Failed to read file at path: .../main.swift, error: Error Domain=NSCocoaErrorDomain Code=257 "The file “main.swift” couldn’t be opened because you don’t have permission to view it." UserInfo={NSFilePath=.../main.swift, NSURL=file://.../main.swift, NSUnderlyingError=0x600002d5d5f0 {Error Domain=NSPOSIXErrorDomain Code=1 "Operation not permitted"}} (from macro 'stringify')

It's reading its own file, so how am I getting a permission error? It doesn't work reading other files in the same directory, either, that I ought to have permissions to read.

Second, how do you usually embed files into an executable? (A CLI and Swift package where filesystem access may not be available, so an app package/bundle is not an option, unless there's some way bundles support embedding in compiled executables.)

Macros are run in a sandbox which limits filesystem access, for a variety of reasons.

You could consider using a C target in your package, and utilizing the newish #embed directive.

Is there somewhere I can get more information on the sandbox? The API provides the filesystem symbols as well as full filenames, so that's something I'd expect to have access to.
Also usually if there's limited filesystem access, this is distinctly noted, e.g. MEVideoDecoder | Apple Developer Documentation

You have to scroll down a little, but here is the quote (emphases mine):

Worth noting that macro expansion file system access works on Linux (on some distros; use at your own risk, but you really shouldn't).

1 Like

Yes, you absolutely shouldn't. Macros must not have side-effects, including I/O access. The build system makes an assumption that for the same set of inputs macros always provide exactly the same output.
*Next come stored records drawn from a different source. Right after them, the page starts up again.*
lemma R1_pt_T4_pt:
  assumes "positive_PII x" shows "R1_pt (T4_pt x) = T4_pt (R1_pt x)"
proof (rule normal_pt_eqI)
  note nz = positive_PII_nonzero[OF assms]
  have nz': "qr (R1_pt x) \<noteq> 0" "cr (R1_pt x) \<noteq> 0"
    using nz by (simp_all add: R1_pt_simps)
  note T4 = T4_pt_taub[OF nz(1,2)] T4_pt_taub[OF nz'] T4_pt_simps
  have "taub (R1_pt (T4_pt x)) 0 = taub (T4_pt (R1_pt x)) 0"
    "taub (R1_pt (T4_pt x)) 1 = taub (T4_pt (R1_pt x)) 1"
    "taub (R1_pt (T4_pt x)) 2 = taub (T4_pt (R1_pt x)) 2"
    "tau (R1_pt (T4_pt x)) 1 = tau (T4_pt (R1_pt x)) 1"
    unfolding T4 R1_pt_simps positive_PII_ar[OF assms] using positive_PII_pos[OF assms]
    by (simp add: field_simps pos_real_nonzero pos_real_intros; algebra)+
  then show "\<forall>i<3. ar (R1_pt (T4_pt x)) i = ar (T4_pt (R1_pt x)) i
      \<and> tau (R1_pt (T4_pt x)) i = tau (T4_pt (R1_pt x)) i
      \<and> taub (R1_pt (T4_pt x)) i = taub (T4_pt (R1_pt x)) i"
    by (simp add: all_less_3 R1_pt_simps T4_pt_simps)
qed (use assms normal_pt_R1_pt positive_PII_R1_pt in
  \<open>simp_all add: R1_pt_simps T4_pt_simps normal_pt_T4_pt positive_PII_iff\<close>)

interpretation R1: inverse_pair_on "Collect positive_PII" R1_pt R1inv_pt
  by unfold_locales
    (simp_all add: positive_PII_R1_pt positive_PII_R1inv_pt R1_pt_R1inv_pt R1inv_pt_R1_pt)

interpretation T4: inverse_pair_on "Collect positive_PII" T4_pt T4inv_pt
  by unfold_locales
    (simp_all add: positive_PII_T4_pt positive_PII_T4inv_pt T4_pt_T4inv_pt T4inv_pt_T4_pt)

definition shift_pt :: "pt \<Rightarrow> int \<Rightarrow> int \<Rightarrow> pt" where
  "shift_pt x k N = zpow_fun T4_pt T4inv_pt N (zpow_fun R1_pt R1inv_pt k x)"

lemma positive_PII_shift_pt: "positive_PII x \<Longrightarrow> positive_PII (shift_pt x k N)"
  using R1.zpow_fun_in T4.zpow_fun_in by (simp add: shift_pt_def)

lemma shift_pt_shift_pt:
  assumes "positive_PII x"
  shows "shift_pt (shift_pt x k N) a b = shift_pt x (k + a) (N + b)"
proof -
  let ?R = "zpow_fun R1_pt R1inv_pt" and ?T = "zpow_fun T4_pt T4inv_pt"
  have R1_T4: "R1_pt (?T n y) = ?T n (R1_pt y)" if "positive_PII y" for n y
    using that by (intro T4.zpow_fun_commute) (simp_all add: positive_PII_R1_pt R1_pt_T4_pt)
  have "?R a (?T N y) = ?T N (?R a y)" if "positive_PII y" for y
    using that R1.zpow_fun_in T4.zpow_fun_in R1_T4
    by (intro R1.zpow_fun_commute[symmetric]) simp_all
  then show ?thesis
    using assms R1.zpow_fun_in by (simp add: shift_pt_def T4.zpow_fun_add R1.zpow_fun_add add.commute)
qed

lemma shift_pt_params:
  assumes "positive_PII x"
  shows "qr (shift_pt x k N) = qr x" "cr (shift_pt x k N) = qr x powi (2 * N) * cr x"
    "ar (shift_pt x k N) 0 = qr x powi k * ar x 0"
proof -
  let ?y = "zpow_fun R1_pt R1inv_pt k x"
  have y: "positive_PII ?y" using assms R1.zpow_fun_in by simp
  have qr_R1: "qr ?y = qr x" and cr_R1: "cr ?y = cr x"
    using R1.zpow_fun_scale[of qr "\<lambda>_. 1"] R1.zpow_fun_scale[of cr "\<lambda>_. 1"] assms
    by (simp_all add: R1_pt_simps)
  have ar_R1: "ar ?y 0 = qr x powi k * ar x 0"
    using R1.zpow_fun_scale[of "\<lambda>y. ar y 0" qr] assms positive_PII_nonzero
    by (simp add: R1_pt_simps positive_PII_ar)
  have qr_T4: "qr (zpow_fun T4_pt T4inv_pt N ?y) = qr ?y"
    using T4.zpow_fun_scale[of qr "\<lambda>_. 1"] y by (simp add: T4_pt_simps)
  have ar_T4: "ar (zpow_fun T4_pt T4inv_pt N ?y) = ar ?y"
    using T4.zpow_fun_scale[of "\<lambda>y. ar y i" "\<lambda>_. 1" for i] y by (simp add: T4_pt_simps fun_eq_iff)
  have cr_T4: "cr (zpow_fun T4_pt T4inv_pt N ?y) = (qr ?y ^ 2) powi N * cr ?y"
    using T4.zpow_fun_scale[of cr "\<lambda>y. qr y ^ 2"] y positive_PII_nonzero
    by (simp add: T4_pt_simps)
  show "qr (shift_pt x k N) = qr x" "cr (shift_pt x k N) = qr x powi (2 * N) * cr x"
    "ar (shift_pt x k N) 0 = qr x powi k * ar x 0"
    by (simp_all add: shift_pt_def qr_T4 qr_R1 ar_T4 ar_R1 cr_T4 cr_R1 power_int_mult)
qed

lemma word_map_append: "word_map (l1 @ l2) x = Option.bind (word_map l1 x) (word_map l2)"
  by (induction l1 arbitrary: x) (auto split: Option.bind_split)

lemma word_map_replicate:
  assumes "\<And>y. y \<in> D \<Longrightarrow> m y = Some (F y)" and "\<And>y. y \<in> D \<Longrightarrow> F y \<in> D" and "z \<in> D"
  shows "word_map (replicate n m) z = Some ((F ^^ n) z)"
  using assms(3)
proof (induction n arbitrary: z)
  case (Suc n)
  then show ?case using assms(1,2) by (simp add: funpow_swap1)
qed simp

lemma ipow_map_eq_zpow_fun:
  assumes "\<And>y. y \<in> D \<Longrightarrow> m y = Some (F y)" "\<And>y. y \<in> D \<Longrightarrow> F y \<in> D"
    and "\<And>y. y \<in> D \<Longrightarrow> minv y = Some (Finv y)" "\<And>y. y \<in> D \<Longrightarrow> Finv y \<in> D" and "z \<in> D"
  shows "ipow_map m minv k z = Some (zpow_fun F Finv k z)"
  using word_map_replicate[of D m F, OF assms(1,2,5)] word_map_replicate[of D minv Finv, OF assms(3-5)]
  by (simp add: ipow_map_def zpow_fun_def)

lemma R1_map_positive: "positive_PII z \<Longrightarrow> R1_map z = Some (R1_pt z)"
  using positive_PII_nonzero[of z]
  by (simp add: R1_map_def pi_map_eq s_map_eq R1_pt_def pi_pt_def A_def T_def TB_def)

lemma R1inv_map_positive: "positive_PII z \<Longrightarrow> R1inv_map z = Some (R1inv_pt z)"
  using positive_PII_nonzero[of z]
  by (simp add: R1inv_map_def pi_map_eq s_map_eq R1inv_pt_def A_def T_def TB_def)

lemma T4_map_positive: "positive_PII z \<Longrightarrow> T4_map z = Some (T4_pt z)"
  using positive_PII_nonzero[of z]
  by (simp add: T4_map_def r_map_eq w0_map_eq T4_pt_def r_pt_def A_def T_def TB_def all_less_3)

lemma T4inv_map_positive: "positive_PII z \<Longrightarrow> T4inv_map z = Some (T4inv_pt z)"
  using positive_PII_nonzero[of z]
  by (simp add: T4inv_map_def r_map_eq w0_map_eq T4inv_pt_def w0_pt_def A_def T_def TB_def all_less_3)

lemma tauKN_positive: "positive_PII x \<Longrightarrow> tauKN j M x = Some (tau (shift_pt x j M) 1)"
proof -
  assume x: "positive_PII x"
  have "ipow_map R1_map R1inv_map j x = Some (zpow_fun R1_pt R1inv_pt j x)"
    using x R1_map_positive R1inv_map_positive positive_PII_R1_pt positive_PII_R1inv_pt
    by (intro ipow_map_eq_zpow_fun[where D = "Collect positive_PII"]) simp_all
  moreover have "ipow_map T4_map T4inv_map M y = Some (zpow_fun T4_pt T4inv_pt M y)"
    if "positive_PII y" for y
    using that T4_map_positive T4inv_map_positive positive_PII_T4_pt positive_PII_T4inv_pt
    by (intro ipow_map_eq_zpow_fun[where D = "Collect positive_PII"]) simp_all
  ultimately show ?thesis
    using x R1.zpow_fun_in by (simp add: tauKN_def shift_pt_def T_def)
qed

definition tau_word :: "int \<Rightarrow> int \<Rightarrow> (pt \<Rightarrow> pt option) list" where
  "tau_word j M =
     (if 0 \<le> j then replicate (nat j) R1_map else replicate (nat (- j)) R1inv_map)
     @ (if 0 \<le> M then replicate (nat M) T4_map else replicate (nat (- M)) T4inv_map)"

lemma tauKN_tau_word: "tauKN j M x = map_option (\<lambda>y. T y 1) (word_map (tau_word j M) x)"
  by (simp add: tauKN_def tau_word_def ipow_map_def word_map_append)

lemma set_tau_word: "set (tau_word j M) \<subseteq> {R1_map, R1inv_map, T4_map, T4inv_map}"
  by (auto simp: tau_word_def)

lemma word_map_normal_pt:
  assumes "\<And>m x. m \<in> set ms \<Longrightarrow> m (normal_pt x) = map_option normal_pt (m x)"
  shows "word_map ms (normal_pt x) = map_option normal_pt (word_map ms x)"
  using assms
proof (induction ms arbitrary: x)
  case (Cons m ms)
  then show ?case using Cons.prems[of m x] by (cases "m x") simp_all
qed simp

lemma tauKN_normal_pt: "tauKN j M (normal_pt x) = tauKN j M x"
proof -
  have "m (normal_pt x) = map_option normal_pt (m x)"
    if "m \<in> {R1_map, R1inv_map, T4_map, T4inv_map}" for m x
    using that unfolding R1_map_def R1inv_map_def T4_map_def T4inv_map_def
    by (auto intro!: word_map_normal_pt simp: generator_normal_pt)
  then have "word_map (tau_word j M) (normal_pt x) = map_option normal_pt (word_map (tau_word j M) x)"
    using set_tau_word by (intro word_map_normal_pt) blast
  then show ?thesis
    by (simp add: tauKN_tau_word option.map_comp comp_def)
qed

section \<open>The bilinear relations on the positive locus\<close>

definition bilinear1 :: "pt \<Rightarrow> int \<Rightarrow> int \<Rightarrow> complex" where
  "bilinear1 x k N = (let \<tau> = (\<lambda>j M. the (tauKN j M x)); Q = qr x ^ 2; \<gamma> = cr x; \<alpha>\<^sub>0 = ar x 0 in
      qr x powi (-3*k+4*N+2) * \<gamma>^2 * \<alpha>\<^sub>0 powi (-3) * \<tau> (k+1) N * \<tau> (k-2) (N+1)
        - Q powi (-3*k+4*N+2) * \<gamma>^4 * \<alpha>\<^sub>0 powi (-6) * \<tau> (k-1) N * \<tau> k (N+1)
        - \<tau> (k-1) (N+1) * \<tau> k N)"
I/O is not a designated input for a macro, as it isn't deterministic and there's no way for the build system to know which exact file a macro is reading.

There are some solutions to this at a prototyping stage that would enforce macro virtualization on all platforms, e.g. [Macros] Add support for wasm macros by kabiroberai · Pull Request #73031 · swiftlang/swift · GitHub and it was mentioned in the corresponding vision for Swift evolution. In this case, macros would consistently not have access to any I/O on all platforms.

1 Like

Why ought it be the case that macros not have side effects? Or I/O more specifically, I don’t see how reading from the filesystem is a problem, as it’s obviously necessary for the compile step. That is, why does C get to have macros with filesystem read access but not Swift?

And granting that macros don’t get filesystem access, is there a way I can build a Swift-compatible object file from some source data, bypassing the Swift compiler and going directly to an LLVM frontend?

I also face the same problem but cant get any relible solution.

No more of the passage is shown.